Car rental services are the easiest category of rental services to understand from a legal and economic perspective. There is only one (legal) relationship: A, the owner of a car, rents out the car for a fee to B, who is to have temporary possession of the car. Typically, cars are rented out on a short-term basis. This can be in a professional context, such as on business trips, or in the context of leisure activities, such as while on holiday. Car rental tends to be carried out independently of the question whether the person renting the car is the owner of one ‘in real life’. ( 5 )

27.

Leasing agreements follow a different logic: a person would like to have at his or her disposal a car, on a permanent basis (that is to say, day and night) and for a specified period of time. Such agreements do not cater to short-term (business or holiday) needs, but rather to medium- to long-term ones, as well as, more importantly, everyday needs. A person would like to use a car, whenever it suits them, for everyday purposes. The question of who actually owns the car becomes secondary. What counts is that a car is put at someone’s disposal who can then effectively use it.

28.

Under an operating leasing agreement, the lessee (the user of the car) does not assume any ownership or residual value risk. The lessor (the owner of the car) retains ownership of the car and is responsible for maintenance and repairs. When the agreement comes to an end, the lessee returns the car to the lessor.

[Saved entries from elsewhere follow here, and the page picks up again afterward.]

lemma norm_le_mult_abs_fst_if_vanishing:
  fixes h :: "real \<times> 'a::euclidean_space \<Rightarrow> 'b::real_normed_vector"
  assumes smooth: "smooth_on U h" and ball: "cball (0, w0) R \<subseteq> U"
    and vanish: "\<And>w. (0, w) \<in> U \<Longrightarrow> h (0, w) = 0"
  obtains B where "0 \<le> B" "\<And>t w. (t, w) \<in> cball (0, w0) R \<Longrightarrow> norm (h (t, w)) \<le> B * \<bar>t\<bar>"
proof -
  have "continuous_on (cball (0, w0) R) (iter_deriv h [(1, 0)])"
    using smooth_on_imp_continuous_on[OF smooth_on_iter_deriv[OF smooth]] ball
    by (rule continuous_on_subset)
  then have "bounded (iter_deriv h [(1, 0)] ` cball (0, w0) R)"
    by (intro compact_imp_bounded compact_continuous_image compact_cball)
  then obtain B where "0 < B" and B: "\<And>x. x \<in> cball (0, w0) R \<Longrightarrow> norm (iter_deriv h [(1, 0)] x) \<le> B"
    by (auto simp: bounded_pos)
  have "norm (h (t, w)) \<le> B * \<bar>t\<bar>" if tw: "(t, w) \<in> cball (0, w0) R" for t w
  proof -
    have seg: "(0, w) + u *\<^sub>R (t, 0) \<in> cball (0, w0) R" if "u \<in> {0..1}" for u
    proof -
      have "\<bar>u * t\<bar> \<le> \<bar>t\<bar>"
        using that by (simp add: abs_mult mult_left_le_one_le)
      then show ?thesis
        using tw dist_Pair_shrink_fst[of "u * t" t w0 w] by simp
    qed
    have "norm (h ((0, w) + (t, 0)) - h (0, w)) \<le> B * \<bar>t\<bar>"
    proof (rule norm_diff_le_along_segment)
      show "(h has_derivative frechet_derivative h (at ((0, w) + u *\<^sub>R (t, 0)))) (at ((0, w) + u *\<^sub>R (t, 0)))"
        if "u \<in> {0..1}" for u
        using smooth_on_has_derivative[OF smooth] seg[OF that] ball by blast
      show "norm (frechet_derivative h (at ((0, w) + u *\<^sub>R (t, 0))) (t, 0)) \<le> B * \<bar>t\<bar>"
        if "u \<in> {0..1}" for u
      proof -
        let ?x = "(0, w) + u *\<^sub>R (t, 0)"
        have "linear (frechet_derivative h (at ?x))"
          using smooth_on_has_derivative[OF smooth] seg[OF that] ball has_derivative_linear by blast
        from linear_cmul[OF this, of t "(1, 0)"]
        have "frechet_derivative h (at ?x) (t, 0) = t *\<^sub>R iter_deriv h [(1, 0)] ?x"
          by simp
        then show ?thesis
          using B[OF seg[OF that]] by (simp add: mult.commute[of B] mult_left_mono)
      qed
    qed
    then show ?thesis
      using vanish ball seg[of 0] by auto
  qed
  with \<open>0 < B\<close> show ?thesis
    using that by (meson less_imp_le)
qed

section \<open>The composite \<open>g(t, t log |t|, z)\<close>\<close>

definition tlog_map :: "real \<times> 'e \<Rightarrow> real \<times> real \<times> 'e" where
  "tlog_map p = (fst p, fst p * ln \<bar>fst p\<bar>, snd p)"

lemma tlog_comp_eq: "tlog_comp g = g \<circ> tlog_map"
  by (auto simp: tlog_comp_def tlog_map_def)

lemma continuous_on_tlog_map: "continuous_on S (tlog_map :: real \<times> 'e::topological_space \<Rightarrow> _)"
  unfolding tlog_map_def
  by (intro continuous_intros continuous_on_compose2[OF continuous_at_imp_continuous_on, OF ballI,
        OF isCont_mult_ln_abs]) auto

lemma open_tlog_map_vimage: "open S \<Longrightarrow> open (tlog_map -` S)"
  by (intro open_vimage continuous_on_tlog_map)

Under a financial leasing agreement, on the other hand, the lessee assumes possession and the residual value risks. Typically, the lessor purchases the car at the behest of the lessee and leases it to him or her for a fixed period of time, usually several years. The lessee makes periodic lease payments and is responsible for maintenance and repairs. At the end of the agreement, the lessee generally has the option to purchase the car for its residual value.

29.

By way of illustration, operating leasing generally functions in the following way: A desires a car, typically for everyday use. For this purpose, A goes to B, a specialist, usually a car dealer or, as in the present case, a firm specialised in placing cars at the disposal of customers for a specified period of time. B either has a car already ready among its fleet or, as is more likely, will procure a car in accordance with A’s wishes, which will then be leased to A.

30.

B is the owner of the car, in the legal sense of the term. A uses the car and pays a fee for its use. Various other conditions are determined by the contract between A and B, such as a maximum mileage and the fees to be paid if that mileage is exceeded. At the end of the period stipulated in the contract, the car is given back to B. Crucially, the payments made by A do not correspond to the amortisation of the value of the car. In other words, B assumes the economic risk in relation to its ability to re-use, re-rent, re-lease or re-sell the vehicle.

31.

Financial leasing follows a different pattern. The initial arrangement is similar to that of operating leasing (see point 29 above). Where the two differ is in the amortisation of the vehicle via the payments between A and B. Typically, in financial leasing, at the end of the stipulated period, the vehicle is either ‘paid off’ and ownership is transferred from B to A, or there is the option for A to acquire the vehicle against the payment of a final sum. The second option is the more prevalent, meaning that even financial leasing is not necessarily geared towards the acquisition of the vehicle. This is logical – if the acquisition of the vehicle were central to the intentions of the parties, they would opt for a regular sale contract with deferred payment.

32.

In summary, leasing – whether operating or financial – is intended to place a car at the disposal of a customer so that it can be used. That is the reason why, in national legal systems, leasing, and in particular operating leasing, is typically seen as a rental contract with certain specificities.

33.

In other words, even though operating leasing contracts involve, as the case may be, elements of rent, sale and loan, they tend to be treated primarily as rental contracts, ( 6 ) since the main thrust of the agreement, in conformity with the parties’ intentions, is the renting aspect. In some cases, operating leasing and financial leasing are even treated in the same manner under national civil law. ( 7 )

34.

Finally, to conclude this part, it may be assumed, based on the information before the Court, that operating leasing as carried out by Autotechnica is offered in a way such as that described in points 28 to 30 above.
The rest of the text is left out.